書体デザインの登竜門として知られる「タイプデザインコンペティション2014」(モリサワ主催)で和文部門の明石賞に、和歌山市の書家、北原美麗さんとグラフィックデザイナーの井口博文さんの筆書体「北原行書」が選ばれた。活字書体フォントのシェア1位を誇るモリサワが製品化にふさわしい作品を選ぶ賞で、北原さんは「和歌山からの発信になりうれしい。手書きの文字の良さを広げたい」と意気込んでいる。
コンペは、2012年に続いて今回が2回目で、一線のデザイナーが腕を競う高レベルのコンペとして知られる。今回は24ヵ国から386点の応募があり、和文の明石賞の対象となった117点から最優秀作として選ばれた。

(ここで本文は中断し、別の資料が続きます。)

(* For each natural number $n$, the restriction of the preorder $\leqslant_{\vec{|\square[n]|}}$ to the vertex set $\vec{|\mathrm{sk}_0(\square[n])|}$ equals the restriction of the preorder $\leqslant_{\vec{|\mathrm{sk}_1(\square[n])|}}$ to that same vertex set.
   Context: Streams: a circulation on a space $X$ assigns to each open $V\subset X$ a preorder $\leqslant_V$ such that for every collection $\mathcal{O}$ of open sets, $\leqslant_{\bigcup\mathcal{O}}$ is the preorder with smallest graph containing $\bigcup_{V\in\mathcal{O}}\mathrm{graph}(\leqslant_V)$; a stream is a space with a circulation, $\leqslant_X$ being the preorder on $X$ itself; stream maps are continuous maps with $f(x)\leqslant_V f(y)$ whenever $x\leqslant_{f^{-1}V}y$. The category of streams is cocomplete with colimits computed on underlying spaces (final circulation). $\square$ is the smallest subcategory of posets and monotone maps closed under cartesian products (unit $[0]=\{0\}$) containing $\delta_\pm:[0]\to[1]=\{0<1\}$; a precubical set is a functor $\square^{op}\to\mathbf{Set}$; $\square[n]=\square(-,[1]^n)$; for a precubical set $X$, $\mathrm{sk}_k(X)$ is the smallest sub-precubical set $A\subseteq X$ with $A_k=X_k$. $\vec\square[1]$ is $[0,1]$ with circulation $x\leqslant_V y$ iff $x\le y$ and $[x,y]\subset V$, $\vec\square[n]$ is its $n$-fold product in streams, and the stream realization of $X$ is the coend $\vec{|X|}=\int^{[1]^n}X_n\cdot\vec\square[n]$ in streams. Thus $\vec{|\square[n]|}=\vec\square[n]$ (underlying space $\mathbb{I}^n$), $\vec{|\mathrm{sk}_0(\square[n])|}$ is the set of vertices $\{0,1\}^n$ and $\vec{|\mathrm{sk}_1(\square[n])|}$ is the union of the edges of the cube, as streams. *)

theory Defs
  imports "HOL-Analysis.Analysis"
begin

北原さんは「美麗書院」の代表として指導にあたる一方、展覧会、パフォーマンスなど書を自由に展開。「いつか自分の文字がフォントになり、後世に残れば」との思いを抱いていた。北原さんの弟子でもある井口さんはデザイナーながら書道関連の本の編集経験が豊富で、書に目が利く。「通常の行書体はパソコンでタイプすると違和感が残る」と2人で話すうち、「自分たちで本物の行書体を作ろう」とコンペへ挑んだ。
多くのデザイナーが半年近くかけ字体を作り応募する中、まず北原さんが字を一気に手書き。それを井口さんが縦、横と文として並べた時にバランスが崩れないように余白などを調整し、短時間で課題の200字を仕上げた。北原さんは「この字はこの形と私の中で法則がある。それを教室のお手本のようにそのまま書いた感じです」。井口さんは「北原さんの字の味わいを生かすのを心がけました」。
明石賞は、「字の美しさは審査員全員が一致した」と審査委員長から高い評価を得て受賞した。今後は、製品化へのベースとなる500文字を作り、続いて1年間で8400文字を製作。2年後に「北原行書」として売り出される見通しだ。
手書き文字は、線に太い、細いが生じ、それが美しさを表現するが、フォントは太さを均一化する方向で作られる。その矛盾する要素を越え、1字1字を作る作業が待っている。井口さんは「かつてない挑戦。デジタル化が進んだ時代、手書きの良さをデジタルで生かす指針にしたい」と望む。北原さんは「東京五輪の時にテレビのテロップで使用され、日本の筆文字として多くの方の目に触れれば」と思い描き、「これまでやってきたことのすべてをかけ打ち込みたい」と力が入る。